What should be concerning to us here in the United States is that Pinduoduo is the sister company to Temu. It recently launched in the US and used a Superbowl commercial in February to introduce itself to our country. The Temu app is currently topping the US download charts and is expanding its reach at a rapid pace in many western markets. Pinduoduo currently has 750 million users in China. If their app had been written with malware code embedded in it, it’s not too far of a stretch to think Temu’s smartphone app was also developed with the same nefarious code.

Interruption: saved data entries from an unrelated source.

(* Let $\pi$ be a set of primes and $G$ a group. Let $A$ be a $\mathbb ZG$-module whose additive group is divisible, and let $B$ be a finite $\mathbb ZG$-submodule of $A$. Suppose there is a $\mathbb ZG$-module epimorphism $\theta:U\to A/B$, where $U$ is a $\mathbb ZG$-module whose additive group is torsion-free of finite rank and $\pi$-spectral. Then $A$ is a $\mathbb ZG$-module quotient of some $\mathbb ZG$-module whose additive group is torsion-free of finite rank and $\pi$-spectral.
   Context: An abelian group has finite rank if its torsion-free rank and all $p$-ranks are finite; it is $\pi$-spectral if every prime $p$ for which it has a section isomorphic to $\mathbb Z_{p^\infty}$ lies in $\pi$. *)

theory Defs
  imports "HOL-Algebra.Algebra"
begin

text \<open>Abelian groups are HOL-Algebra commutative groups (written multiplicatively:
  the group operation of the record plays the role of addition).\<close>

definition ZG_module :: "('g, 'x) monoid_scheme \<Rightarrow> ('m, 'y) monoid_scheme \<Rightarrow> ('g \<Rightarrow> 'm \<Rightarrow> 'm) \<Rightarrow> bool" where
  "ZG_module G M act \<longleftrightarrow> group G \<and> comm_group M \<and>
     (\<forall>g\<in>carrier G. act g \<in> hom M M) \<and>
     (\<forall>x\<in>carrier M. act \<one>\<^bsub>G\<^esub> x = x) \<and>
     (\<forall>g\<in>carrier G. \<forall>h\<in>carrier G. \<forall>x\<in>carrier M.
        act (g \<otimes>\<^bsub>G\<^esub> h) x = act g (act h x))"

definition ZG_submodule :: "('g, 'x) monoid_scheme \<Rightarrow> 'm set \<Rightarrow> ('m, 'y) monoid_scheme \<Rightarrow> ('g \<Rightarrow> 'm \<Rightarrow> 'm) \<Rightarrow> bool" where
  "ZG_submodule G B M act \<longleftrightarrow> subgroup B M \<and> (\<forall>g\<in>carrier G. \<forall>b\<in>B. act g b \<in> B)"

definition ZG_hom :: "('g, 'x) monoid_scheme \<Rightarrow> ('m, 'y) monoid_scheme \<Rightarrow> ('g \<Rightarrow> 'm \<Rightarrow> 'm)
    \<Rightarrow> ('n, 'z) monoid_scheme \<Rightarrow> ('g \<Rightarrow> 'n \<Rightarrow> 'n) \<Rightarrow> ('m \<Rightarrow> 'n) \<Rightarrow> bool" where
  "ZG_hom G M actM N actN f \<longleftrightarrow> f \<in> hom M N \<and>
     (\<forall>g\<in>carrier G. \<forall>x\<in>carrier M. f (actM g x) = actN g (f x))"

definition ZG_epi :: "('g, 'x) monoid_scheme \<Rightarrow> ('m, 'y) monoid_scheme \<Rightarrow> ('g \<Rightarrow> 'm \<Rightarrow> 'm)
    \<Rightarrow> ('n, 'z) monoid_scheme \<Rightarrow> ('g \<Rightarrow> 'n \<Rightarrow> 'n) \<Rightarrow> ('m \<Rightarrow> 'n) \<Rightarrow> bool" where
  "ZG_epi G M actM N actN f \<longleftrightarrow> ZG_hom G M actM N actN f \<and> f ` carrier M = carrier N"

text \<open>The induced action on the quotient module M/B (carrier: cosets of B):
  g acts on the coset B a by taking its image under the action of g,
  which is the coset B (g a) since B is a ZG-submodule.\<close>

definition quot_act :: "('g \<Rightarrow> 'm \<Rightarrow> 'm) \<Rightarrow> 'g \<Rightarrow> 'm set \<Rightarrow> 'm set" where
  "quot_act act g C = act g ` C"

definition divisible_group :: "('m, 'y) monoid_scheme \<Rightarrow> bool" where
  "divisible_group M \<longleftrightarrow>
     (\<forall>x\<in>carrier M. \<forall>n::nat. n > 0 \<longrightarrow> (\<exists>y\<in>carrier M. y [^]\<^bsub>M\<^esub> n = x))"

definition torsion_free :: "('m, 'y) monoid_scheme \<Rightarrow> bool" where
  "torsion_free M \<longleftrightarrow>
     (\<forall>x\<in>carrier M. \<forall>n::nat. n > 0 \<longrightarrow> x [^]\<^bsub>M\<^esub> n = \<one>\<^bsub>M\<^esub> \<longrightarrow> x = \<one>\<^bsub>M\<^esub>)"

definition lin_indep :: "('m, 'y) monoid_scheme \<Rightarrow> 'm set \<Rightarrow> bool" where
  "lin_indep M S \<longleftrightarrow> finite S \<and> S \<subseteq> carrier M \<and>
     (\<forall>c::'m \<Rightarrow> int. finprod M (\<lambda>s. s [^]\<^bsub>M\<^esub> c s) S = \<one>\<^bsub>M\<^esub> \<longrightarrow> (\<forall>s\<in>S. c s = 0))"

definition finite_torsion_free_rank :: "('m, 'y) monoid_scheme \<Rightarrow> bool" where
  "finite_torsion_free_rank M \<longleftrightarrow> (\<exists>N::nat. \<forall>S. lin_indep M S \<longrightarrow> card S \<le> N)"

text \<open>The p-rank is the F_p-dimension of M[p] = {x. x^p = 1}; it is finite iff M[p] is finite.\<close>

definition finite_p_rank :: "('m, 'y) monoid_scheme \<Rightarrow> nat \<Rightarrow> bool" where
  "finite_p_rank M p \<longleftrightarrow> finite {x\<in>carrier M. x [^]\<^bsub>M\<^esub> p = \<one>\<^bsub>M\<^esub>}"

definition finite_rank :: "('m, 'y) monoid_scheme \<Rightarrow> bool" where
  "finite_rank M \<longleftrightarrow> finite_torsion_free_rank M \<and> (\<forall>p. Factorial_Ring.prime p \<longrightarrow> finite_p_rank M p)"

text \<open>The Pruefer p-group Z_{p^infinity}, realised as the rationals in [0,1) with
  p-power denominator, under addition modulo 1.\<close>

definition Pruefer :: "nat \<Rightarrow> rat monoid" where
  "Pruefer p = \<lparr>carrier = {q::rat. 0 \<le> q \<and> q < 1 \<and> (\<exists>k::nat. q * of_nat p ^ k \<in> \<int>)},
               monoid.mult = (\<lambda>x y. frac (x + y)), one = 0\<rparr>"

definition has_Pruefer_section :: "('m, 'y) monoid_scheme \<Rightarrow> nat \<Rightarrow> bool" where
  "has_Pruefer_section M p \<longleftrightarrow>
     (\<exists>H K. subgroup H M \<and> subgroup K (M\<lparr>carrier := H\<rparr>) \<and>
            ((M\<lparr>carrier := H\<rparr>) Mod K) \<cong> Pruefer p)"

definition pi_spectral :: "nat set \<Rightarrow> ('m, 'y) monoid_scheme \<Rightarrow> bool" where
  "pi_spectral \<pi> M \<longleftrightarrow> (\<forall>p. Factorial_Ring.prime p \<and> has_Pruefer_section M p \<longrightarrow> p \<in> \<pi>)"

end

theory Submission
  imports Defs
begin

text \<open>Let m be the order of the finite submodule B.  Raising to the
  m-th power kills B, so on the quotient A/B the map  B a \<mapsto> a^m  is well defined;
  it is a ZG-homomorphism A/B \<rightarrow> A (A is abelian and G acts by endomorphisms), and it
  is onto because A is divisible.  Composing it with the given epimorphism
  \<theta> : U \<rightarrow> A/B exhibits A as a ZG-quotient of U itself, so V = U works.\<close>

lemma ZG_epi_comp:
  assumes "ZG_epi G M actM N actN f" and "ZG_epi G N actN P actP h"
  shows "ZG_epi G M actM P actP (h \<circ> f)"
proof -
  have f: "f \<in> hom M N" "\<And>g x. g \<in> carrier G \<Longrightarrow> x \<in> carrier M \<Longrightarrow> f (actM g x) = actN g (f x)"
    "f ` carrier M = carrier N"
    using assms(1) unfolding ZG_epi_def ZG_hom_def by blast+
  have h: "h \<in> hom N P" "\<And>g y. g \<in> carrier G \<Longrightarrow> y \<in> carrier N \<Longrightarrow> h (actN g y) = actP g (h y)"
    "h ` carrier N = carrier P"
    using assms(2) unfolding ZG_epi_def ZG_hom_def by blast+
  have "h \<circ> f \<in> hom M P" using hom_compose f(1) h(1) .
  moreover have "(h \<circ> f) (actM g x) = actP g ((h \<circ> f) x)" if "g \<in> carrier G" "x \<in> carrier M" for g x
    using that f(2) h(2) hom_in_carrier[OF f(1)] by simp
  moreover have "(h \<circ> f) ` carrier M = carrier P" using f(3) h(3) by (metis image_comp)
  ultimately show ?thesis unfolding ZG_epi_def ZG_hom_def by blast
qed

text \<open>Lagrange: the order of a finite subgroup annihilates each of its elements.\<close>

lemma pow_card_subgroup:
  assumes "group A" "subgroup B A" "finite B" "b \<in> B"
  shows "b [^]\<^bsub>A\<^esub> card B = \<one>\<^bsub>A\<^esub>"
proof -
  have "group (A\<lparr>carrier := B\<rparr>)" using subgroup.subgroup_is_group[OF assms(2,1)] .
  then have "b [^]\<^bsub>A\<lparr>carrier := B\<rparr>\<^esub> card B = \<one>\<^bsub>A\<^esub>"
    using group.pow_order_eq_1 assms(4) by (fastforce simp: order_def)
  then show ?thesis
    using monoid.nat_pow_consistent[OF group.is_monoid[OF assms(1)], of b "card B" B] by simp
qed

lemma pow_card_rcos:
  assumes "comm_group A" "subgroup B A" "finite B" "a \<in> carrier A" "x \<in> B #>\<^bsub>A\<^esub> a"
  shows "x [^]\<^bsub>A\<^esub> card B = a [^]\<^bsub>A\<^esub> card B"
proof -
  interpret comm_group A by (fact assms(1))
  obtain b where b: "b \<in> B" "x = b \<otimes>\<^bsub>A\<^esub> a" using assms(5) by (auto simp: r_coset_def)
  have "b \<in> carrier A" using b(1) subgroup.subset[OF assms(2)] by blast
  then have "x [^]\<^bsub>A\<^esub> card B = b [^]\<^bsub>A\<^esub> card B \<otimes>\<^bsub>A\<^esub> a [^]\<^bsub>A\<^esub> card B"
    using b(2) assms(4) by (simp add: nat_pow_distrib)
  then show ?thesis using pow_card_subgroup[OF is_group assms(2,3) b(1)] assms(4) by simp
qed

definition coset_power :: "('a, 'b) monoid_scheme \<Rightarrow> 'a set \<Rightarrow> 'a set \<Rightarrow> 'a" where
  "coset_power A B C = (SOME x. x \<in> C) [^]\<^bsub>A\<^esub> card B"
(* Let $(\mathbb{P},\le,f)$ be a forcing property for $\mathcal{L}_A$ and $p\in\mathbb{P}$. Then (1) $F_p(\bigvee\Phi)=\sup_{\phi\in\Phi}F^w_p(\phi)$ for every sentence $\bigvee\Phi$ of $\mathcal{L}_A(C)$; (2) $F_p(\sup_x\phi(x))=\sup_{c\in C}F^w_p(\phi(c))$ for every sentence $\sup_x\phi(x)$ of $\mathcal{L}_A(C)$.
   Context: $\mathcal{L}$ is a countable continuous signature; formulas of $\mathcal{L}_{\omega_1,\omega}$ are built from atomic formulas using $\neg$, $\tfrac12$, $\dotplus$, countable conjunctions $\bigwedge$ and $\inf_x$; $\bigvee\Phi$ abbreviates $\neg\bigwedge_{\phi\in\Phi}\neg\phi$ and $\sup_x\phi$ abbreviates $\neg\inf_x\neg\phi$. $\mathcal{L}_A$ is a countable fragment, $C=\{c_i:i<\omega\}$ new constants, $\mathcal{L}_A(C)$ the smallest countable fragment of $\mathcal{L}_{\omega_1,\omega}(C)$ containing $\mathcal{L}_A$, $\mathcal{L}_A^{as}(C)$ its atomic sentences, $\mathcal{T}(C)$ closed terms. A forcing property $(\mathbb{P},\le,f)$: poset with $f_p\colon\mathcal{L}_A^{as}(C)\to[0,1]$ such that (1) $p\le q\Rightarrow f_p\le f_q$; (2) for every $p$, $\varepsilon>0$, $\tau,\sigma\in\mathcal{T}(C)$, atomic $\varphi(x)$ there are $q\le p$, $c\in C$ with $f_q(d(\tau,c))<\varepsilon$, $f_q(d(\tau,\sigma))<f_p(d(\sigma,\tau))+\varepsilon$, and if $f_p(d(\tau,\sigma))<\delta_{\varphi,x}(\varepsilon)$ then $f_q(\varphi(\sigma))<f_p(\varphi(\tau))+\varepsilon$. $F_p$: $f_p$ on atomics; $F_p(\neg\varphi)=1-\inf_{q\le p}F_q(\varphi)$; $F_p(\tfrac12\varphi)=\tfrac12F_p(\varphi)$; $F_p(\varphi\dotplus\psi)=\min(F_p(\varphi)+F_p(\psi),1)$; $F_p(\bigwedge\Phi)=\inf_{\varphi\in\Phi}F_p(\varphi)$; $F_p(\inf_x\varphi)=\inf_{c\in C}F_p(\varphi(c))$. $F^w_p(\varphi)=\sup_{q\le p}\inf_{q'\le q}F_{q'}(\varphi)$. *)

theory Defs
  imports Complex_Main "HOL-Library.Countable_Set_Type"
begin

section \<open>Syntax of L_{omega1,omega}(C) for a continuous signature\<close>

text \<open>Function symbols (constants are 0-ary function symbols) have type 'f, relation
symbols type 'r; arities are given by separate functions.  The new constants
c_i (i < omega) are the terms Cst i.\<close>

datatype 'f trm = Var nat | Fn 'f "'f trm list" | Cst nat

datatype ('f, 'r) fml =
    Rel 'r "'f trm list"
  | Dist "'f trm" "'f trm"
  | Neg "('f, 'r) fml"
  | Half "('f, 'r) fml"
  | Plus "('f, 'r) fml" "('f, 'r) fml"
  | Conj "('f, 'r) fml cset"
  | InfQ nat "('f, 'r) fml"

definition Disj :: "('f, 'r) fml cset \<Rightarrow> ('f, 'r) fml" where
  "Disj \<Phi> = Neg (Conj (cimage Neg \<Phi>))"

definition SupQ :: "nat \<Rightarrow> ('f, 'r) fml \<Rightarrow> ('f, 'r) fml" where
  "SupQ x \<phi> = Neg (InfQ x (Neg \<phi>))"

primrec tvars :: "'f trm \<Rightarrow> nat set" where
  "tvars (Var x) = {x}"
| "tvars (Fn g ts) = \<Union> (set (map tvars ts))"
| "tvars (Cst i) = {}"

primrec tsubst :: "nat \<Rightarrow> 'f trm \<Rightarrow> 'f trm \<Rightarrow> 'f trm" where
  "tsubst x t (Var y) = (if y = x then t else Var y)"
| "tsubst x t (Fn g ts) = Fn g (map (tsubst x t) ts)"
| "tsubst x t (Cst i) = Cst i"

primrec fv :: "('f, 'r) fml \<Rightarrow> nat set" where
  "fv (Rel r ts) = \<Union> (set (map tvars ts))"
| "fv (Dist s t) = tvars s \<union> tvars t"
| "fv (Neg \<phi>) = fv \<phi>"
| "fv (Half \<phi>) = fv \<phi>"
| "fv (Plus \<phi> \<psi>) = fv \<phi> \<union> fv \<psi>"
| "fv (Conj \<Phi>) = \<Union> (rcset (cimage fv \<Phi>))"
| "fv (InfQ x \<phi>) = fv \<phi> - {x}"

primrec subst :: "nat \<Rightarrow> 'f trm \<Rightarrow> ('f, 'r) fml \<Rightarrow> ('f, 'r) fml" where
  "subst x t (Rel r ts) = Rel r (map (tsubst x t) ts)"
| "subst x t (Dist s u) = Dist (tsubst x t s) (tsubst x t u)"
| "subst x t (Neg \<phi>) = Neg (subst x t \<phi>)"
| "subst x t (Half \<phi>) = Half (subst x t \<phi>)"
| "subst x t (Plus \<phi> \<psi>) = Plus (subst x t \<phi>) (subst x t \<psi>)"
| "subst x t (Conj \<Phi>) = Conj (cimage (subst x t) \<Phi>)"
| "subst x t (InfQ y \<phi>) = (if y = x then InfQ y \<phi> else InfQ y (subst x t \<phi>))"

primrec freefor :: "'f trm \<Rightarrow> nat \<Rightarrow> ('f, 'r) fml \<Rightarrow> bool" where
  "freefor t x (Rel r ts) = True"
| "freefor t x (Dist s u) = True"
| "freefor t x (Neg \<phi>) = freefor t x \<phi>"
| "freefor t x (Half \<phi>) = freefor t x \<phi>"
| "freefor t x (Plus \<phi> \<psi>) = (freefor t x \<phi> \<and> freefor t x \<psi>)"
| "freefor t x (Conj \<Phi>) = (\<forall>b \<in> rcset (cimage (freefor t x) \<Phi>). b)"
| "freefor t x (InfQ y \<phi>) =
     (if y = x then True else ((x \<in> fv \<phi> \<longrightarrow> y \<notin> tvars t) \<and> freefor t x \<phi>))"

fun is_atomic :: "('f, 'r) fml \<Rightarrow> bool" where
  "is_atomic (Rel r ts) = True"
| "is_atomic (Dist s t) = True"
| "is_atomic _ = False"

fun immsub :: "('f, 'r) fml \<Rightarrow> ('f, 'r) fml set" where
  "immsub (Neg \<phi>) = {\<phi>}"
| "immsub (Half \<phi>) = {\<phi>}"
| "immsub (Plus \<phi> \<psi>) = {\<phi>, \<psi>}"
| "immsub (Conj \<Phi>) = rcset \<Phi>"
| "immsub (InfQ x \<phi>) = {\<phi>}"
| "immsub _ = {}"

text \<open>Well-formedness w.r.t. the arities; D is the set of indices i for which
the new constant c_i may occur (D = {} gives L, D = UNIV gives L(C)).\<close>
primrec wf_trm :: "('f \<Rightarrow> nat) \<Rightarrow> nat set \<Rightarrow> 'f trm \<Rightarrow> bool" where
  "wf_trm arf D (Var x) = True"
| "wf_trm arf D (Fn g ts) = (length ts = arf g \<and> (\<forall>b \<in> set (map (wf_trm arf D) ts). b))"
| "wf_trm arf D (Cst i) = (i \<in> D)"

primrec wf_fml :: "('f \<Rightarrow> nat) \<Rightarrow> ('r \<Rightarrow> nat) \<Rightarrow> nat set \<Rightarrow> ('f, 'r) fml \<Rightarrow> bool" where
  "wf_fml arf arr D (Rel r ts) = (length ts = arr r \<and> (\<forall>t \<in> set ts. wf_trm arf D t))"
| "wf_fml arf arr D (Dist s t) = (wf_trm arf D s \<and> wf_trm arf D t)"
| "wf_fml arf arr D (Neg \<phi>) = wf_fml arf arr D \<phi>"
| "wf_fml arf arr D (Half \<phi>) = wf_fml arf arr D \<phi>"
| "wf_fml arf arr D (Plus \<phi> \<psi>) = (wf_fml arf arr D \<phi> \<and> wf_fml arf arr D \<psi>)"
| "wf_fml arf arr D (Conj \<Phi>) = (\<forall>b \<in> rcset (cimage (wf_fml arf arr D) \<Phi>). b)"
| "wf_fml arf arr D (InfQ x \<phi>) = wf_fml arf arr D \<phi>"
lemma vanishing_in_prob_mean_indep:
  fixes Y :: "nat \<Rightarrow> 'a \<Rightarrow> real"
  assumes indep: "indep_vars (\<lambda>_. borel) Y UNIV"
    and [measurable]: "\<And>i. Y i \<in> borel_measurable M"
    and bound: "\<And>i. AE \<omega> in M. \<bar>Y i \<omega>\<bar> \<le> B"
    and centered: "\<And>i. expectation (Y i) = 0"
  shows "vanishing_in_prob M (\<lambda>n \<omega>. (\<Sum>i<n. Y i \<omega>) / real n)"
  unfolding vanishing_in_prob_def
proof (intro allI impI)
  fix e d :: real
  assume "0 < e" "0 < d"
  have "(\<lambda>n. B\<^sup>2 / e\<^sup>2 / real n) \<longlonglongrightarrow> 0"
    by (rule lim_const_over_n)
  then have "eventually (\<lambda>n. B\<^sup>2 / e\<^sup>2 / real n < d) sequentially"
    using \<open>0 < d\<close> by (rule order_tendstoD)
  with eventually_gt_at_top[of 0]
  show "eventually (\<lambda>n. prob {\<omega>\<in>space M. e < \<bar>(\<Sum>i<n. Y i \<omega>) / real n\<bar>} \<le> d) sequentially"
  proof eventually_elim
    case (elim n)
    have "prob {\<omega>\<in>space M. e < \<bar>(\<Sum>i<n. Y i \<omega>) / real n\<bar>}
        \<le> prob {\<omega>\<in>space M. e * real n \<le> \<bar>\<Sum>i<n. Y i \<omega>\<bar>}"
      using elim by (intro finite_measure_mono) (auto simp: abs_divide less_divide_eq)
    also have "\<dots> \<le> real n * B\<^sup>2 / (e * real n)\<^sup>2"
      using elim \<open>0 < e\<close> by (intro prob_abs_sum_ge_le[OF indep _ bound centered]) auto
    also have "\<dots> = B\<^sup>2 / e\<^sup>2 / real n"
      using elim \<open>0 < e\<close> by (simp add: power2_eq_square field_simps)
    finally show ?case
      using elim by simp
  qed
qed

lemma bounded_in_prob_sum_div_sqrt_indep:
  fixes Y :: "nat \<Rightarrow> 'a \<Rightarrow> real"
  assumes indep: "indep_vars (\<lambda>_. borel) Y UNIV"
    and [measurable]: "\<And>i. Y i \<in> borel_measurable M"
    and bound: "\<And>i. AE \<omega> in M. \<bar>Y i \<omega>\<bar> \<le> B"
    and centered: "\<And>i. expectation (Y i) = 0"
  shows "bounded_in_prob M (\<lambda>n \<omega>. (\<Sum>i<n. Y i \<omega>) / sqrt (real n))"
  unfolding bounded_in_prob_def
proof (intro allI impI)
  fix d :: real
  assume "0 < d"
  define K where "K = sqrt (B\<^sup>2 / d) + 1"
  have "0 < K"
    using \<open>0 < d\<close> by (simp add: K_def add_nonneg_pos)
  have "B\<^sup>2 / d = (sqrt (B\<^sup>2 / d))\<^sup>2"
    using \<open>0 < d\<close> by simp
  also have "\<dots> \<le> K\<^sup>2"
    unfolding K_def using \<open>0 < d\<close> by (intro power_mono) auto
  finally have "B\<^sup>2 / d \<le> K\<^sup>2" .
  then have "B\<^sup>2 / K\<^sup>2 \<le> d"
    using \<open>0 < d\<close> \<open>0 < K\<close> by (simp add: divide_le_eq mult.commute)
  have "eventually (\<lambda>n. prob {\<omega>\<in>space M. K < \<bar>(\<Sum>i<n. Y i \<omega>) / sqrt (real n)\<bar>} \<le> d) sequentially"
    using eventually_gt_at_top[of 0]
  proof eventually_elim
    case (elim n)
    have "prob {\<omega>\<in>space M. K < \<bar>(\<Sum>i<n. Y i \<omega>) / sqrt (real n)\<bar>}
        \<le> prob {\<omega>\<in>space M. K * sqrt (real n) \<le> \<bar>\<Sum>i<n. Y i \<omega>\<bar>}"
      using elim by (intro finite_measure_mono) (auto simp: abs_divide less_divide_eq)
    also have "\<dots> \<le> real n * B\<^sup>2 / (K * sqrt (real n))\<^sup>2"
      using elim \<open>0 < K\<close> by (intro prob_abs_sum_ge_le[OF indep _ bound centered]) auto
    also have "\<dots> = B\<^sup>2 / K\<^sup>2"
      using elim \<open>0 < K\<close> by (simp add: power_mult_distrib)
    finally show ?case
      using \<open>B\<^sup>2 / K\<^sup>2 \<le> d\<close> by simp
  qed
  then show "\<exists>K>0. eventually (\<lambda>n. prob {\<omega>\<in>space M. K < \<bar>(\<Sum>i<n. Y i \<omega>) / sqrt (real n)\<bar>} \<le> d)
      sequentially"
    using \<open>0 < K\<close> by blast
qed
(* Assume $D$ has at least one arc. The largest number of nodes $|W|$ over subsystem states $\psi^A_W$ belonging to $M_E$ equals the number of nodes of the largest transmission block of $D$; if $D$ has no transmission block, this maximum equals $2$.
   Context: $D=(V,A)$ is a directed graph on $V=\{1,\dots,N\}$ with rates $T_{ij}\ge0$, $T_{ij}>0$ iff $(j,i)\in A$, $T_{ii}=0$. A subsystem state is a pair $(W,A)$ with $W\subseteq V$ nonempty and $A:W\to\{S,I,R\}$, written $\psi^A_W$; $S_i$, $I_i$ denote the single-node states, and for $n\notin W$, $\psi^A_WI_n$ denotes the state on $W\cup\{n\}$ agreeing with $A$ on $W$ and with $n$ in state $I$. For $k\in W$, $h^X_k(\psi^A_W)$ is the state obtained by changing the state of $k$ to $X$. $\mathrm{IN}(X)$ is the set of nodes from which some member of $X$ is reachable by a directed path; for disjoint nonempty $X,Y,Z$, $f_E(X,Y,Z)=1$ iff $\mathrm{IN}(X)\cap\mathrm{IN}(Y)=\emptyset$ in $D-Z$, else $0$; by convention $f_E(\{n\},\emptyset,\{k\})=0$. Induced set: for a state $\psi^A_W$ with $A:W\to\{S,I\}$, the states it induces are (i) $\psi^A_W$ itself and $h^S_k(\psi^A_W)$ for each $k\in W$ with $A_k=I$ such that $T_{kn}>0$ for some $n\in W$ with $A_n=I$; (ii) for each $k\in W$ and $n\in V\setminus W$ with $T_{kn}>0$: if $f_E(\{n\},W\setminus\{k\},\{k\})=0$, the state $h^S_k(\psi^A_W)I_n$; if it equals $1$, the states $h^S_k(\psi^A_W)$, $S_kI_n$ and $S_k$. $M_E$ is the smallest set of subsystem states containing $S_i$ and $I_i$ for all $i\in V$ and closed under taking induced states (these are exactly the states appearing in the exact closed moment equations for Markovian SIR dynamics obtained using the closure $\langle\psi^A_WI_n\rangle=\langle\psi^A_W\rangle\langle S_kI_n\rangle/\langle S_k\rangle$ wherever $f_E=1$). For $W\subseteq V$, $D[W]$ is the subgraph with node set $W$ and all arcs of $D$ with both endpoints in $W$. A graph is biconnected if it has at least three vertices, is connected, and stays connected after deleting any single vertex. $D[W]$ is a directed sub-block if some node of $W$ is reachable by a directed path within $D[W]$ from every other node of $W$, and the underlying undirected graph of $D[W]$ is biconnected. $D[W]$ is a transmission block if it is a directed sub-block and there is no $U\supsetneq W$ with $D[U]$ a directed sub-block. *)

theory Defs
  imports Complex_Main
begin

According to CNN, “according to a current Pinduoduo employee, the company set up a team of about 100 engineers and product managers to dig for vulnerabilities in Android phones, develop ways to exploit them — and turn that into profit.” This was an intentional effort to exploit their customers and undermine their competition by collecting user data on their smartphone apps. They even attempted to disguise what they were doing by initially only targeting users in small towns and rural areas and staying away from people living in megacities like Shanghai or Beijing to reduce the risk of being exposed.
Once the initial story broke at the end of February by a cybersecurity firm called Dark Navy, Pinduoduo immediately released an update of its smartphone app, version 6.50.0. This update removed the exploits that were in the previous versions. The team that had specifically been working on exploiting Android vulnerabilities was disbanded and most of the engineers transferred to different departments at their subsidiary Temu.
The Chinese Ministry of Industry and Technology is the governmental body that is responsible for enforcing the newly enacted regulations on companies within their country. This is turning out to be a major embarrassment for that department as Pinduoduo conducted these privacy data violations right out in plain view of them. Only when an individual cybersecurity firm decided to investigate was the discovery made and reported about the app’s transgressions.
All eyes will be watching the fallout of this revelation both in China and around the world as governments see what kind of recourse is taken for a major company that blatantly ignored privacy data laws. Every major corporation will also be keeping an eye on it so they can determine how closely their operations need to follow these regulations. It will certainly set a precedent and a standard for all corporations to follow moving forward.